Sorry to say, but lots of folks are going to be suffering from account issues over there on LET.  Far from over.


----------



## HalfEatenPie (May 19, 2013)

buffalooed said:


> Sorry to say, but lots of folks are going to be suffering from account issues over there on LET.  Far from over.



Yeah, my account credentials on LET doesn't work anymore but I'm in no hurry to get it back again. 



buffalooed said:


> Wrong.   That's some crazy spin I haven't figured out who is doing.  Probably the petrol cartel.



Oil has their own cartel?  AWESOME.  How do I join such an illegal establishment?  Do we get our own guns?  Is there any car chases?


----------



## drmike (May 19, 2013)

HalfEatenPie said:


> Oil has their own cartel?  AWESOME.  How do I join such an illegal establishment?  Do we get our own guns?  Is there any car chases?


You have to be part of the "family".  Guns, sure, the US sells them and whatever else you want... Jets maybe... Tanks....  OPEC has been a cartel since day one...  Business at the top is racket.

Back on topic 

Seeing the people posting on LET now.  Uggh.   I see why CC was so interested in LET.  It is an online daycare center.


----------



## vanarp (May 19, 2013)

Like it is said, vpsBoard is not just about Low End Stuff and is aimed to become much bigger and open minded VPS hosting forum than LET. I am happy about it and will keep visiting this place quite often.

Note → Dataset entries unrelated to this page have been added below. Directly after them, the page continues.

lemma catch_copy1_shadow:
  "p1 \<in> VV \<Longrightarrow> p2 \<in> VV \<Longrightarrow> r \<in> VV \<Longrightarrow> near adj p1 (core_retract r) \<Longrightarrow>
    can_force adj (shadow_caught fold_copy) p1 p2 r"
  by (rule can_force_refine[OF rooted_paths_path, where g = core_retract])
    (use core_retract_in_VV near_core_retract path_move fold_copy_in_VV in
      \<open>auto simp: in_copy1_fold_copy core_retract_eq_fold_copy\<close>)

definition private_depth :: "'v hvert \<Rightarrow> nat" where
  "private_depth x = (case x of T c a xs \<Rightarrow> length xs
     | P c e j \<Rightarrow> if j < l then s + j else s + (Suc (2 * l) - j) | Q a i \<Rightarrow> 0)"

fun private_branch :: "'v hvert \<Rightarrow> nat \<Rightarrow> 'v hvert" where
  "private_branch (T c a xs) k = T False a (take k xs)"
| "private_branch (P c e j) k = (if j < l
     then (if k \<le> s then T False (fst e) (take k (outl (fst e) e)) else P False e (k - s))
     else (if k \<le> s then T False (snd e) (take k (inl (snd e) e))
       else P False e (Suc (2 * l) - (k - s))))"
| "private_branch (Q a i) k = Q a i"

abbreviation "copy2_private \<equiv> {x \<in> VV. \<not> in_copy1 x}"

lemma private_depth_simps [simp]:
  "private_depth (T c a xs) = length xs"
  "private_depth (P c e j) = (if j < l then s + j else s + (Suc (2 * l) - j))"
  by (simp_all add: private_depth_def)

lemma copy2_private_cases:
  assumes "x \<in> copy2_private"
  obtains a xs where "x = T False a xs" "a \<in> V" "length xs \<le> s"
  | e j where "x = P False e j" "e \<in> A" "1 \<le> j" "j < l"
  | e j where "x = P False e j" "e \<in> A" "Suc l < j" "j \<le> 2 * l"
  using assms by (cases x) (auto simp: in_VV_iff, linarith)

lemma pnode_private: "1 \<le> j \<Longrightarrow> j \<le> 2 * l \<Longrightarrow> j \<noteq> l \<Longrightarrow> j \<noteq> Suc l \<Longrightarrow> pn False e j = P False e j"
  by (simp add: pnode_inner)
lemma contraction_poly_dsum:
  "contraction_poly f s (dsum ps) w = (\<Sum>p\<leftarrow>ps. contraction_poly f s p w)"
  by (induction ps) (simp_all add: dsum_def)

lemma contraction_poly_current:
  "contraction_poly f s (current N u) w = [:jet_pairing N u f w, - bil N u s:]"
proof -
  have "contraction_poly f s (current N u) w
      = (\<Sum>i\<le>N. contraction_poly f s (DMul (DConst (u i)) (DVar i 0)) w)"
    unfolding current_def contraction_poly_dsum map_map o_def
    by (simp only: flip: sum_set_upt_conv_sum_list_nat)
       (simp only: set_upt atLeast0LessThan lessThan_Suc_atMost)
  also have "\<dots> = [:jet_pairing N u f w, - bil N u s:]"
    by (rule poly_eqI)
       (simp add: coeff_sum jet_pairing_def bil_def sum_negf coeff_pCons split: nat.split)
  finally show ?thesis .
qed

definition chain_vec :: "vec \<Rightarrow> (int \<Rightarrow> vec) \<Rightarrow> nat \<Rightarrow> vec" where
  "chain_vec psip a l i = psip i + (\<Sum>r=1..l. a (int r) i)"

lemma chain_vec_0 [simp]: "chain_vec psip a 0 = psip"
  by (simp add: chain_vec_def[abs_def])

lemma chain_vec_Suc: "chain_vec psip a (Suc l) = (\<lambda>i. chain_vec psip a l i + a (int (Suc l)) i)"
  by (simp add: chain_vec_def[abs_def] add.assoc)

definition chain_current :: "nat \<Rightarrow> vec \<Rightarrow> (int \<Rightarrow> vec) \<Rightarrow> nat \<Rightarrow> dpoly" where
  "chain_current N psip a l = DAdd (current N psip) (dsum (map (\<lambda>r. current N (a (int r))) [1..<Suc l]))"

lemma contraction_poly_chain_current:
  "contraction_poly f s (chain_current N psip a l) w
     = [:jet_pairing N (chain_vec psip a l) f w, - bil N (chain_vec psip a l) s:]"
proof (induction l)
  case 0
  then show ?case by (simp add: chain_current_def dsum_def contraction_poly_current)
next
  case (Suc l)
  have "contraction_poly f s (chain_current N psip a (Suc l)) w
      = contraction_poly f s (chain_current N psip a l) w
        + contraction_poly f s (current N (a (int (Suc l)))) w"
    by (simp add: chain_current_def contraction_poly_dsum)
  then show ?case
    by (simp add: Suc.IH contraction_poly_current chain_vec_Suc jet_pairing_add bil_add_left)
qed

fun pscr_chain :: "nat \<Rightarrow> vec \<Rightarrow> (int \<Rightarrow> vec) \<Rightarrow> complex \<Rightarrow> nat \<Rightarrow> dpoly" where
  "pscr_chain N psip a \<kappa> 0 = current N psip"
| "pscr_chain N psip a \<kappa> (Suc l) =
     pscr_step \<kappa> (chain_current N psip a (Suc l)) (pscr_chain N psip a \<kappa> l)"

lemma Pscr_eq_pscr_chain:
  "Pscr N psip a m (m + 1 + l) k = pscr_chain N psip a (k + of_nat (m + 1 + l) - 1) l"
proof (induction l arbitrary: k)
  case (Suc l)
  have "k + of_nat (Suc (m + 1 + l)) - 1 = (k + 1) + of_nat (m + 1 + l) - 1"
    by simp
  moreover have "[1..<Suc (m + 1 + l) - m] = [1..<Suc (Suc l)]"
    by simp
  ultimately show ?case
    by (simp only: add_Suc_right Pscr.simps Suc.IH) (simp add: pscr_step_def chain_current_def)
qed simp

Yes, will be on LET too for a while.


----------



## drmike (May 19, 2013)

Seeing a lot of brown nosing and CC worship going on over there too.

Daycare better stock up on the wet wipes.


----------



## mikho (May 20, 2013)

I think I'll still visit and read some but as far posting..... Not sure.


----------



## Naruto (May 20, 2013)

If you post on LET you wear diapers. This will now be a commonly known fact. Posters beware.


----------



## Dillybob (May 20, 2013)

athk said:


> So LET is back, but is it worth going back to it? I don't really follow/care about the colocrossing stuff I haven't been around long enough to know/care.
> 
> The only thing that draws me back to it is the amount of providers that do post on it & the community, although I stick with one provider for all my VPS needs (UrPad)...


Nope, CANNOT  stand the topic layout, it's like a shitfest and everything is the same color and all scrunched together, it's terrible.


----------



## jhadley (May 20, 2013)

I don't think I'll be going back


----------



## GVH-Jon (May 20, 2013)

I was never really active on LET.. the look and feel of Vanilla forums just.. displeases me.


----------



## vRozenSch00n (May 20, 2013)

IMHO it is not about moving back to LET worth or not, it is more about whether you are comfortable or not being in a certain community.

Everybody has their own reason to be in a community just like what @athk said in the first post. @Aldryic C'bo


----------



## KMyers (May 20, 2013)

I personally have no intentions of going back. CC has lied on several occasions as to their part in the ownership and has denied that ChicagoVPS has any part in the operations. I can handle downtime, I cannot handle being lied to.


----------



## Jamson (May 21, 2013)

I'm personally finding vpsBoard much more pleasant, and i have no intention on going back to LET.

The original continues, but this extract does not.